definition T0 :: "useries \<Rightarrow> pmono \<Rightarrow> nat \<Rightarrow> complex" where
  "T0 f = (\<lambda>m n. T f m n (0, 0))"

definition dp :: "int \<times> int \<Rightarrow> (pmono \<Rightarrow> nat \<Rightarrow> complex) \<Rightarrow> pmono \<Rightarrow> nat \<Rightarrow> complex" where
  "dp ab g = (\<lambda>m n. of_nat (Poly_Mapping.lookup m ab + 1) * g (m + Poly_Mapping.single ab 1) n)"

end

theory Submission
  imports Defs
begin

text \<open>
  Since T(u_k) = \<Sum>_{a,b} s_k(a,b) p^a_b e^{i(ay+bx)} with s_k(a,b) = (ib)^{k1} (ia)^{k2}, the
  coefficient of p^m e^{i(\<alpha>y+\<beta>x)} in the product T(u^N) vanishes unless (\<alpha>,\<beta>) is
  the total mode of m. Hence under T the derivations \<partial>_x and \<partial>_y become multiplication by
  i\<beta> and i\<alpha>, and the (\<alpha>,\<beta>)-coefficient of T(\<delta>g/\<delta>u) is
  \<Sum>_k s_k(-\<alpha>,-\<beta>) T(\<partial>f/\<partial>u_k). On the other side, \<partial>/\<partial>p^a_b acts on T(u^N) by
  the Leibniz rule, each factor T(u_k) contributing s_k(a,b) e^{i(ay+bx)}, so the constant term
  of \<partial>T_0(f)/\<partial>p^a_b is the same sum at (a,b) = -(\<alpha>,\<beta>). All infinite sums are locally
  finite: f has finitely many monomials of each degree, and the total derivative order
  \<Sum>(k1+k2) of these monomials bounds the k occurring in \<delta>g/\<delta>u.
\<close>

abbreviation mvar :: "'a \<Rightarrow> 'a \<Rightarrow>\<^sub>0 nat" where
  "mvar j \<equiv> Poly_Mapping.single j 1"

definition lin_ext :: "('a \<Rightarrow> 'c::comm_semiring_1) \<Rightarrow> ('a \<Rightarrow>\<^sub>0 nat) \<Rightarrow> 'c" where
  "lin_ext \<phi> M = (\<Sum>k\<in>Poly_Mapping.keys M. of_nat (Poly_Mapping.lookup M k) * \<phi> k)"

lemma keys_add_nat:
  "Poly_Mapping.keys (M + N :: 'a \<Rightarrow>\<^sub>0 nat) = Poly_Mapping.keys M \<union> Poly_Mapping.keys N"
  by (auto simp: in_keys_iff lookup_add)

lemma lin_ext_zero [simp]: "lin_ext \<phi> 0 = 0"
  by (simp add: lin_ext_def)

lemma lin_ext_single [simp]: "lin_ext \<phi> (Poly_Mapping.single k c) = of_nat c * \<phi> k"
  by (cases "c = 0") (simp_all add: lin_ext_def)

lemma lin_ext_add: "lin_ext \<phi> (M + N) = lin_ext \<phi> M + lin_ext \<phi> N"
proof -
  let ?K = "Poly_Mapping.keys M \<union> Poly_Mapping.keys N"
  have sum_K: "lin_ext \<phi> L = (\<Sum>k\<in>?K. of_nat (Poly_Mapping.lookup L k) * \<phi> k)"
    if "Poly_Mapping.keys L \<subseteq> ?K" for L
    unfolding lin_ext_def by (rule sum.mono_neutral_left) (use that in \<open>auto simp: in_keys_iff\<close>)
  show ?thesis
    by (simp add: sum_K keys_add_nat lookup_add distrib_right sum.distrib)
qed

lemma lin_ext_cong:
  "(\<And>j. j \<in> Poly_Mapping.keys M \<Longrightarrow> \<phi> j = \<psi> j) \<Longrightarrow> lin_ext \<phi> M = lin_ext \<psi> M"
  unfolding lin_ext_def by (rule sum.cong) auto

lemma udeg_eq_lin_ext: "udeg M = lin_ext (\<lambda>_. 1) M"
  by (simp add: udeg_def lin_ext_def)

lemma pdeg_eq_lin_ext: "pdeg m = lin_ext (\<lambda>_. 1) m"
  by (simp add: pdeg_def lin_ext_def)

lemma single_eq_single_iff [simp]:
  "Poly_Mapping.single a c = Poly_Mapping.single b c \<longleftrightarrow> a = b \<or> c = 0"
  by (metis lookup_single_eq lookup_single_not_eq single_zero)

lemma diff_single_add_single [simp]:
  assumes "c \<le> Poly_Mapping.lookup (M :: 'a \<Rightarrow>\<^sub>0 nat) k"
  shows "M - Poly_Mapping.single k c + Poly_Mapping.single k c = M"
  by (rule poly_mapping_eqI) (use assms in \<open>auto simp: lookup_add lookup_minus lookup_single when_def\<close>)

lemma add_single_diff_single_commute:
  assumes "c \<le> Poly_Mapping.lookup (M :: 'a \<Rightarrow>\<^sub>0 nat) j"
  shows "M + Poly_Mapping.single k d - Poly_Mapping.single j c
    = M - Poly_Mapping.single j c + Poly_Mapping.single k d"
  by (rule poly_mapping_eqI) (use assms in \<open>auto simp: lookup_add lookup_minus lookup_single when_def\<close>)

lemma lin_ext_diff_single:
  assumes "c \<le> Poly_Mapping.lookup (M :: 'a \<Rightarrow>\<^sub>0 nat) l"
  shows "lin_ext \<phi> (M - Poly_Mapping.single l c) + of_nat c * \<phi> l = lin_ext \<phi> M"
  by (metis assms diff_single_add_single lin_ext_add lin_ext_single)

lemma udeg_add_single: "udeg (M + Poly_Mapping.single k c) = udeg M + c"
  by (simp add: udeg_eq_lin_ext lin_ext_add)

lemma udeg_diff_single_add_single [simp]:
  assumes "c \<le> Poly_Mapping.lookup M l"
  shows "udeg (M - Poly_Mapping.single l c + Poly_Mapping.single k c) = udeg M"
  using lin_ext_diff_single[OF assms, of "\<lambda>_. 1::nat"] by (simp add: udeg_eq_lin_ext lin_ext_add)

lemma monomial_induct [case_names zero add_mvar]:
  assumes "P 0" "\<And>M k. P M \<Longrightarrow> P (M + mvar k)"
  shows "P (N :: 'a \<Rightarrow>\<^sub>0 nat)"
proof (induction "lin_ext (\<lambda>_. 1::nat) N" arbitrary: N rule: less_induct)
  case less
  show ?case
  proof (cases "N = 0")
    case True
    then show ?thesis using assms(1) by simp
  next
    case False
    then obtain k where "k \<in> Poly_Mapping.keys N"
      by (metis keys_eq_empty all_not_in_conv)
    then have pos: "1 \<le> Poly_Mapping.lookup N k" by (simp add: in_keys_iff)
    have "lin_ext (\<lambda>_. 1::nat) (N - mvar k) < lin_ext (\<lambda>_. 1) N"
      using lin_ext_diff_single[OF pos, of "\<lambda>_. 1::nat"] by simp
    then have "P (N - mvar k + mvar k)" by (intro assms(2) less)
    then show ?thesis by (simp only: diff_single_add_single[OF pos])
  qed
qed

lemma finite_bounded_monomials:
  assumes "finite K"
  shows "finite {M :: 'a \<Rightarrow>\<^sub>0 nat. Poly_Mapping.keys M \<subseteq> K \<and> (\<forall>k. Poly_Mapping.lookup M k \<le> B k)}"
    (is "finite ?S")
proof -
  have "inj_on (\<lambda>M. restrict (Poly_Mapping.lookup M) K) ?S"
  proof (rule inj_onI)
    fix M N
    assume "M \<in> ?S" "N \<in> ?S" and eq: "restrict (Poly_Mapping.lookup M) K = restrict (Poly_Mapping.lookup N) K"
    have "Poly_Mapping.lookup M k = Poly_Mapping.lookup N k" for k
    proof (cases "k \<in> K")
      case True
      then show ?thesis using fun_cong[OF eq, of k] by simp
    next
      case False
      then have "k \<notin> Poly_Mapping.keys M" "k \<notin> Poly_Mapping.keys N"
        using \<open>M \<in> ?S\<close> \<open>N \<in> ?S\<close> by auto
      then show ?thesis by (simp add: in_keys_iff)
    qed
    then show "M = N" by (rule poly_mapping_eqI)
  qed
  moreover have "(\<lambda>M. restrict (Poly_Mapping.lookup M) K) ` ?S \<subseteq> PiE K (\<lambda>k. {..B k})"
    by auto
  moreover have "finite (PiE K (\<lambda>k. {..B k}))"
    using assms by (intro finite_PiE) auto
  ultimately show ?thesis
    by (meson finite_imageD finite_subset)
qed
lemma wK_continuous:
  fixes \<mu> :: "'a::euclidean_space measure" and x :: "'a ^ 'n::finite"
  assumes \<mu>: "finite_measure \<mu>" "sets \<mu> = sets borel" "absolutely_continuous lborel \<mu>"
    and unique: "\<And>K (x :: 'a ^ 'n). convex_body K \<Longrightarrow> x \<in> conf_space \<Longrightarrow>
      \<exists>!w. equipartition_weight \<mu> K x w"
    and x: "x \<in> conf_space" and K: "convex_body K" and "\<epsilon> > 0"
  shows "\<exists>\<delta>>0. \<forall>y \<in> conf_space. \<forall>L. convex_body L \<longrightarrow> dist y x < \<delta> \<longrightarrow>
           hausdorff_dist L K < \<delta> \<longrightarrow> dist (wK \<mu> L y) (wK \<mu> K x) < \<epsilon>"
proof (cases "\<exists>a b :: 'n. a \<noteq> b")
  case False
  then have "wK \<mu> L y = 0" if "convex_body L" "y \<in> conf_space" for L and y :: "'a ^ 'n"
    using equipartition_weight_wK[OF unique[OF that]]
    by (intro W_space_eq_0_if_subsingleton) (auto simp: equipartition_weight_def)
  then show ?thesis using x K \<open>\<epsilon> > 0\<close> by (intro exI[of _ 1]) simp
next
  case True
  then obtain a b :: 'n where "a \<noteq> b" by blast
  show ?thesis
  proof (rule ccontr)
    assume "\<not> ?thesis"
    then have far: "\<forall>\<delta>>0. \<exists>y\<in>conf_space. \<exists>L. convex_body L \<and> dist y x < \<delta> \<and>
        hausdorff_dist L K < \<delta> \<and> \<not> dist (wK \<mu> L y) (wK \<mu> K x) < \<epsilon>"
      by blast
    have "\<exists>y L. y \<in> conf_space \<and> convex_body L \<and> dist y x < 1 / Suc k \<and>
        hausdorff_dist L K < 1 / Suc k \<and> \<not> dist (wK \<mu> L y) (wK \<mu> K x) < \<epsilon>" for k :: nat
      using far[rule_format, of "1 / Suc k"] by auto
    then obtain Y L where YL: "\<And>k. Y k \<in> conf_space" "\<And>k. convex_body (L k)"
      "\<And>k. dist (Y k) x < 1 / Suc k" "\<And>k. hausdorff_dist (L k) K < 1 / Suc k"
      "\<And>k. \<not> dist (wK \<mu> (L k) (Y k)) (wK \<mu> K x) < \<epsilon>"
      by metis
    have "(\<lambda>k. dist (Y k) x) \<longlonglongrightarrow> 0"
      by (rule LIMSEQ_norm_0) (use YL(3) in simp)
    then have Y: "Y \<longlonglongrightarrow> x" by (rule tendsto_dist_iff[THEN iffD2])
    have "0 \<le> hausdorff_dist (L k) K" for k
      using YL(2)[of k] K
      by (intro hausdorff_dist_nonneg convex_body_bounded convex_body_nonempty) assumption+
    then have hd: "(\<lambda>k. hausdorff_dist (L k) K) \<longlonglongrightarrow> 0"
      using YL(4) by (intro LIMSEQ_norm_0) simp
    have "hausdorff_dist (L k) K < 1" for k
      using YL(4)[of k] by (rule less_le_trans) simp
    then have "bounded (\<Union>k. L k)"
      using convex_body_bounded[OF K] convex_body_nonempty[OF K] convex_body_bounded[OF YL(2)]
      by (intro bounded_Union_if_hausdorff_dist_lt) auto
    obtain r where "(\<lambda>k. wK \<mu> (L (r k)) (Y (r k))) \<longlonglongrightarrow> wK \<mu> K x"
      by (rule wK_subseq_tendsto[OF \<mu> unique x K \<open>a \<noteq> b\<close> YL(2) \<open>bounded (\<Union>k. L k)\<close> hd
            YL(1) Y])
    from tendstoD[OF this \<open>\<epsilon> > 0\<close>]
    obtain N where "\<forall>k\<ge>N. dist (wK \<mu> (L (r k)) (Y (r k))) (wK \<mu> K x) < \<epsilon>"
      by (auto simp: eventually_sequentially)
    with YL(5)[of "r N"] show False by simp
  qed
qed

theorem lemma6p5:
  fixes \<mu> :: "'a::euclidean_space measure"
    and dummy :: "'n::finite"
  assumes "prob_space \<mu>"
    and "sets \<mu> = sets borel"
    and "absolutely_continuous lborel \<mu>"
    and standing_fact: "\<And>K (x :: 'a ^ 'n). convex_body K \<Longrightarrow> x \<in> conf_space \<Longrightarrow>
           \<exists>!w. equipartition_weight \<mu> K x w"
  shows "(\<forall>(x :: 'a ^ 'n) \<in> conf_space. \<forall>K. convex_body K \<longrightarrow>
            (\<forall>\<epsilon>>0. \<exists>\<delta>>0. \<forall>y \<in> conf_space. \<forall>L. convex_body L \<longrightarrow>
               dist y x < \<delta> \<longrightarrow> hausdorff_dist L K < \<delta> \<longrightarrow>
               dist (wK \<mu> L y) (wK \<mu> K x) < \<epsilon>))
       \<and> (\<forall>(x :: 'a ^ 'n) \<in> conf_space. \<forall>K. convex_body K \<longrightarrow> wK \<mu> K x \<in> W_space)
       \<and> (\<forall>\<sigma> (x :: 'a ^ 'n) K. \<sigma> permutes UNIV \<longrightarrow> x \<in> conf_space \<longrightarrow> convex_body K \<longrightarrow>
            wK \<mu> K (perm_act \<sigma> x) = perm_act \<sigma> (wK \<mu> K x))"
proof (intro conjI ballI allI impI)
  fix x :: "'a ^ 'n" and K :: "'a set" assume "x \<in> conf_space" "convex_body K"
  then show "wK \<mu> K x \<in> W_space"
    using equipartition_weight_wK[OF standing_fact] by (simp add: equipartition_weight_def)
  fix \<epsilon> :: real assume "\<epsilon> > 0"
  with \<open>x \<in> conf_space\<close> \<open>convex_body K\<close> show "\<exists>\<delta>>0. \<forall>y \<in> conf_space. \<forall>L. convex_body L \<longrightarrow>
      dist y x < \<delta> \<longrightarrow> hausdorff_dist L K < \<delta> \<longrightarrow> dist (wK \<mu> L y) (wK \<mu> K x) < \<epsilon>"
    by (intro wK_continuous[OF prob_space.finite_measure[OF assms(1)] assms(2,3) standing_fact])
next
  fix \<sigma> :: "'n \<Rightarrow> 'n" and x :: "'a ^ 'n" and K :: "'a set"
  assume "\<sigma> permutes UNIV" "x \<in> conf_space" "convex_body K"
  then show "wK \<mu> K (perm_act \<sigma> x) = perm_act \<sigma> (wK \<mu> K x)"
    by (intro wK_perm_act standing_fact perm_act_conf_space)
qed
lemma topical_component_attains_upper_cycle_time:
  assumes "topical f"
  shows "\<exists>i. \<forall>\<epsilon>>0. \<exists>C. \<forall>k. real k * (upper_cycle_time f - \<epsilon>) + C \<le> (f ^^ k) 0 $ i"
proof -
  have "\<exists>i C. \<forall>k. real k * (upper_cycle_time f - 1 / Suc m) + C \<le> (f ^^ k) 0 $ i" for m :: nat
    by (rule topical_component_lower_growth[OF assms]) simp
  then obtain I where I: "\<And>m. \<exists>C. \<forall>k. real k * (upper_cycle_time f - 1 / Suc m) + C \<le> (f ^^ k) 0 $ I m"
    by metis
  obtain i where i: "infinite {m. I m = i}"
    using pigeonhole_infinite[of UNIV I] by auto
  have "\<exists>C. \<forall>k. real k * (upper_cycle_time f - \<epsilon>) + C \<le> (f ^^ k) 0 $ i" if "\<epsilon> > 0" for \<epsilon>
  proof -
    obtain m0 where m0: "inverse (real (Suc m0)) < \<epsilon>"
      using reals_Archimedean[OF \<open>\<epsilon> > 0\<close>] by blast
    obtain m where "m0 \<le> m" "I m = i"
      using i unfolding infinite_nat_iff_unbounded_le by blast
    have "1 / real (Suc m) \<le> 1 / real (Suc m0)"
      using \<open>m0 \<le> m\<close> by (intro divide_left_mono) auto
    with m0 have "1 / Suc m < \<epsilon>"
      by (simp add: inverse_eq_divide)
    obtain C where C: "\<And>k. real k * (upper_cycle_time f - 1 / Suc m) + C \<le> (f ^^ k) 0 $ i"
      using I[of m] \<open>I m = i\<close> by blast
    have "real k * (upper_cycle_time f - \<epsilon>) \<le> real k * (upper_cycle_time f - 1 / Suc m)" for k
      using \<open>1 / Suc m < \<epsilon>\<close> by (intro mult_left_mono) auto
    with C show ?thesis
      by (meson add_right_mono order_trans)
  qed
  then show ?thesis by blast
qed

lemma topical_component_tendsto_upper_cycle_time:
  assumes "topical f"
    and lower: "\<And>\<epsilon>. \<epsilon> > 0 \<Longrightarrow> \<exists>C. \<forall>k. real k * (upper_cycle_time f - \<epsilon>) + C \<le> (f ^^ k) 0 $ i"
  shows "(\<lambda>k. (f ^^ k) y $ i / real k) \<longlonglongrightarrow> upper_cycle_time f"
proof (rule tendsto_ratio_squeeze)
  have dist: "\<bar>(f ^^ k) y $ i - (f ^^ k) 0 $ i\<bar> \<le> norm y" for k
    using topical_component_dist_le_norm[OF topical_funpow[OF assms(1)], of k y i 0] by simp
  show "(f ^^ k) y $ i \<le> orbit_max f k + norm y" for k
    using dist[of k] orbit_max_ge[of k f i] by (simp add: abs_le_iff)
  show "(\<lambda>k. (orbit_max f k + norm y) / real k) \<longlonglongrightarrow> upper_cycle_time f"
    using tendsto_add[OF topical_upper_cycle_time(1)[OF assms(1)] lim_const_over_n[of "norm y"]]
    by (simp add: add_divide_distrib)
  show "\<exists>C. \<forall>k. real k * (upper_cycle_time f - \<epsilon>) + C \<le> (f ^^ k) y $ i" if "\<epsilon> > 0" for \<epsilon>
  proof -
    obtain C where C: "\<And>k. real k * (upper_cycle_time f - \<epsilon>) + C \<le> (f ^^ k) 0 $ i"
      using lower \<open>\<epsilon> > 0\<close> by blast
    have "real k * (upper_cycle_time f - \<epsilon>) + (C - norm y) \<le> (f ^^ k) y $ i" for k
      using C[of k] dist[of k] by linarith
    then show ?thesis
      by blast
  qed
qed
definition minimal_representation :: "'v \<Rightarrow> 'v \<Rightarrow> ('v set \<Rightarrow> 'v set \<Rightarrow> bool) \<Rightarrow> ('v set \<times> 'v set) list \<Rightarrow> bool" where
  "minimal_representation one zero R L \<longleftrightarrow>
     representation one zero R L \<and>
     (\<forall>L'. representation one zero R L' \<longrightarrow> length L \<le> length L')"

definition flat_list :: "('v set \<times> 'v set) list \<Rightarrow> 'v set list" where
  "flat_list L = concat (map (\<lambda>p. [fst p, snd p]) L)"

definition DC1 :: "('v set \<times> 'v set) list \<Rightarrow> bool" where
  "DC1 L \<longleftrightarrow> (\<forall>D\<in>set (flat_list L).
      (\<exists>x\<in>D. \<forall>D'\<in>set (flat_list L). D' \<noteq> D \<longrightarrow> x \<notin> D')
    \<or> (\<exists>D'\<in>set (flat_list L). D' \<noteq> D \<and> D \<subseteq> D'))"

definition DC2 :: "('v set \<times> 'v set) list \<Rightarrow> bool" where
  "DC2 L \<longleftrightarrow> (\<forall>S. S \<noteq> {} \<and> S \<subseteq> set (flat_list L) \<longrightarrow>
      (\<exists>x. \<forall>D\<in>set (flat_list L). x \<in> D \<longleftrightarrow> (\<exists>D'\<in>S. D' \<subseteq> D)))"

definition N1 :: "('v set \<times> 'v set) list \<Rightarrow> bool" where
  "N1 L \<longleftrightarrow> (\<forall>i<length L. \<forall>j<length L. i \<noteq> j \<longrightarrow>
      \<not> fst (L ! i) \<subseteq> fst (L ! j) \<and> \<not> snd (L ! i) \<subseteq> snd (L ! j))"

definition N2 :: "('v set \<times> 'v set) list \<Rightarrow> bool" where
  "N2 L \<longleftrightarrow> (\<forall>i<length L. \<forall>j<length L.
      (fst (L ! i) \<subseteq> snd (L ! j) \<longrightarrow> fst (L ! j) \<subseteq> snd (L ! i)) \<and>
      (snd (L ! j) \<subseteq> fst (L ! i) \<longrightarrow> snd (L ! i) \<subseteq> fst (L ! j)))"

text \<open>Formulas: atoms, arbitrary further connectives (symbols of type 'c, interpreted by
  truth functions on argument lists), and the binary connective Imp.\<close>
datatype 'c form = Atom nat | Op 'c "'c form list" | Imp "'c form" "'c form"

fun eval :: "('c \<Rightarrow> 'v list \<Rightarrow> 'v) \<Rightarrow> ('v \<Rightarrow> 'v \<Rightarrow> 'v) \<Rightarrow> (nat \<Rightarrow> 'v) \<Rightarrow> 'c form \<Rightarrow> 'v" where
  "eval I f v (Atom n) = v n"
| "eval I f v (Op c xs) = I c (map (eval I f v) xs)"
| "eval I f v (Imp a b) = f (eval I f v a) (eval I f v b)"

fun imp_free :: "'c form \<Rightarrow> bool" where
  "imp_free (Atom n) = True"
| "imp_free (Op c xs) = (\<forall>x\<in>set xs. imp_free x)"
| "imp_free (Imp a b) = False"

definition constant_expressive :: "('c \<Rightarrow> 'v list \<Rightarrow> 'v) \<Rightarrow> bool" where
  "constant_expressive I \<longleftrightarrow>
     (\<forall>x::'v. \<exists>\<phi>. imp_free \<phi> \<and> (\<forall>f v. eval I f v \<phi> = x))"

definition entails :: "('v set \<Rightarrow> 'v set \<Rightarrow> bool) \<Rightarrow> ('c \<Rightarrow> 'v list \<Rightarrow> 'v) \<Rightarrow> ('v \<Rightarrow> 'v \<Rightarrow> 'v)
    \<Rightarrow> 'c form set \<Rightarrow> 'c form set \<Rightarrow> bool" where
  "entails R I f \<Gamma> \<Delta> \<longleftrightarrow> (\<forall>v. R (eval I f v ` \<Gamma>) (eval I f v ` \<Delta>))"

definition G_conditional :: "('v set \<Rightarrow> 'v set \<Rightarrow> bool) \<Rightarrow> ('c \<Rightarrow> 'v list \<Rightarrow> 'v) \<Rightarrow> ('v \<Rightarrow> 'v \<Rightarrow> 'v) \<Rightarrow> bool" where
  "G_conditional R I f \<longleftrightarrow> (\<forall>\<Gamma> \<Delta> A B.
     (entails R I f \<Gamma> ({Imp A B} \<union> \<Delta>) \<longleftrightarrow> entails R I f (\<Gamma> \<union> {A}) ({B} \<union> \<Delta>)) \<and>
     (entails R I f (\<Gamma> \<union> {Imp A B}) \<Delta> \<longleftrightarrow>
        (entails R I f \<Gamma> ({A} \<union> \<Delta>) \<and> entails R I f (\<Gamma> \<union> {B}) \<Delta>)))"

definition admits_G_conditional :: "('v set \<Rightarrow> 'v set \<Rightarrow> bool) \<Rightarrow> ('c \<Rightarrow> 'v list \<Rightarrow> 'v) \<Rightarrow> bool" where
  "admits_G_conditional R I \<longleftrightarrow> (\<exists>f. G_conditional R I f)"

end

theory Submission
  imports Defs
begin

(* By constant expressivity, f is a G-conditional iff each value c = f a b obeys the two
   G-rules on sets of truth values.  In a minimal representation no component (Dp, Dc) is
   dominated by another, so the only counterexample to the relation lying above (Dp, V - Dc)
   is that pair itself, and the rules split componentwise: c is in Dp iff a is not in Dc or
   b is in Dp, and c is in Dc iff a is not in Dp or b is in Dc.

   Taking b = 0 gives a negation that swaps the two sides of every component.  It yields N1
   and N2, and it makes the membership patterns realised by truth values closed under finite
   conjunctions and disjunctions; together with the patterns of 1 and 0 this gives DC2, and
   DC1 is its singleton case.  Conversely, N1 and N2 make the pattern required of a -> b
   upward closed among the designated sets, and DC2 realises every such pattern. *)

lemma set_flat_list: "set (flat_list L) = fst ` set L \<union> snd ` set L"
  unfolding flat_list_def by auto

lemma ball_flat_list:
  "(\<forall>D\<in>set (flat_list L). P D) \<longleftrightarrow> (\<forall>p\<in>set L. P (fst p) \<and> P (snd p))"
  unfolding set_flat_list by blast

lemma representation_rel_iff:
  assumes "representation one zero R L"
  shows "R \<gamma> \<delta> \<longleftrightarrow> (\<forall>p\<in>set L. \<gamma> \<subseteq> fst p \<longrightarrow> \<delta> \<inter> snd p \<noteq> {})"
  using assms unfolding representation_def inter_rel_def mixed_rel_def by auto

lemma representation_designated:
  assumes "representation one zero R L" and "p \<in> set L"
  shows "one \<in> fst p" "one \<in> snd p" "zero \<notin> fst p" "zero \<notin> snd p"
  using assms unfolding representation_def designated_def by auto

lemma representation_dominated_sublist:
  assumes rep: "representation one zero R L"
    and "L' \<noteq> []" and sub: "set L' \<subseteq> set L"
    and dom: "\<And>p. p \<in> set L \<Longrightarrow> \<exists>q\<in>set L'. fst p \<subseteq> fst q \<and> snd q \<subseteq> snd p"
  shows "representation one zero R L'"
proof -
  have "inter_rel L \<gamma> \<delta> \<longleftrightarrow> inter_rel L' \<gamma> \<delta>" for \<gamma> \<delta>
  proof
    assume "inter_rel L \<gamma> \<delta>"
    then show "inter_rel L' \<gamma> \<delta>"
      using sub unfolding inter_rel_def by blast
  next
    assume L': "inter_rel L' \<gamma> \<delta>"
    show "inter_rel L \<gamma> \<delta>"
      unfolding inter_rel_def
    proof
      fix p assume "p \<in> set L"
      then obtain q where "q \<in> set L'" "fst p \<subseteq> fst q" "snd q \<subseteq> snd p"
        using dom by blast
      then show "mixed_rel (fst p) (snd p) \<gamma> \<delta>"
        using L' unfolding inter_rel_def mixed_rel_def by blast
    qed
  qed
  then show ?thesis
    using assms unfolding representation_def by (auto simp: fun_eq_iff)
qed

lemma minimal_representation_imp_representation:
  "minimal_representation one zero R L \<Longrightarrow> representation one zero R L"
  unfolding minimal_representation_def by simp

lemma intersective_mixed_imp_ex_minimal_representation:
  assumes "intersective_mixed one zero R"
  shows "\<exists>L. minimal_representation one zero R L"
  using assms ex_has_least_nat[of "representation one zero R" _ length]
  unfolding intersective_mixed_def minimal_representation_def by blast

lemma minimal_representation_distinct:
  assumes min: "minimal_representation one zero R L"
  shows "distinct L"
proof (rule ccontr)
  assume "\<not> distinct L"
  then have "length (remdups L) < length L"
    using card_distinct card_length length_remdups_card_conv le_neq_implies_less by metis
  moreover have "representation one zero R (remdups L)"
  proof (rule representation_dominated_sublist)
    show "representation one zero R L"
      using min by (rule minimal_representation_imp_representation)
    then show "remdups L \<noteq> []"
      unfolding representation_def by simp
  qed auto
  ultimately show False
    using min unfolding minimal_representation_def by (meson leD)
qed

◆ Work to be completed: The line containing "j \<equiv> Poly_Mapping.single" marks the end. Please print exactly every line from the top of the data to it, both included, and nothing more.

◆ Your solution:
definition T0 :: "useries \<Rightarrow> pmono \<Rightarrow> nat \<Rightarrow> complex" where
  "T0 f = (\<lambda>m n. T f m n (0, 0))"

definition dp :: "int \<times> int \<Rightarrow> (pmono \<Rightarrow> nat \<Rightarrow> complex) \<Rightarrow> pmono \<Rightarrow> nat \<Rightarrow> complex" where
  "dp ab g = (\<lambda>m n. of_nat (Poly_Mapping.lookup m ab + 1) * g (m + Poly_Mapping.single ab 1) n)"

end

theory Submission
  imports Defs
begin

text \<open>
  Since T(u_k) = \<Sum>_{a,b} s_k(a,b) p^a_b e^{i(ay+bx)} with s_k(a,b) = (ib)^{k1} (ia)^{k2}, the
  coefficient of p^m e^{i(\<alpha>y+\<beta>x)} in the product T(u^N) vanishes unless (\<alpha>,\<beta>) is
  the total mode of m. Hence under T the derivations \<partial>_x and \<partial>_y become multiplication by
  i\<beta> and i\<alpha>, and the (\<alpha>,\<beta>)-coefficient of T(\<delta>g/\<delta>u) is
  \<Sum>_k s_k(-\<alpha>,-\<beta>) T(\<partial>f/\<partial>u_k). On the other side, \<partial>/\<partial>p^a_b acts on T(u^N) by
  the Leibniz rule, each factor T(u_k) contributing s_k(a,b) e^{i(ay+bx)}, so the constant term
  of \<partial>T_0(f)/\<partial>p^a_b is the same sum at (a,b) = -(\<alpha>,\<beta>). All infinite sums are locally
  finite: f has finitely many monomials of each degree, and the total derivative order
  \<Sum>(k1+k2) of these monomials bounds the k occurring in \<delta>g/\<delta>u.
\<close>

abbreviation mvar :: "'a \<Rightarrow> 'a \<Rightarrow>\<^sub>0 nat" where
  "mvar j \<equiv> Poly_Mapping.single j 1"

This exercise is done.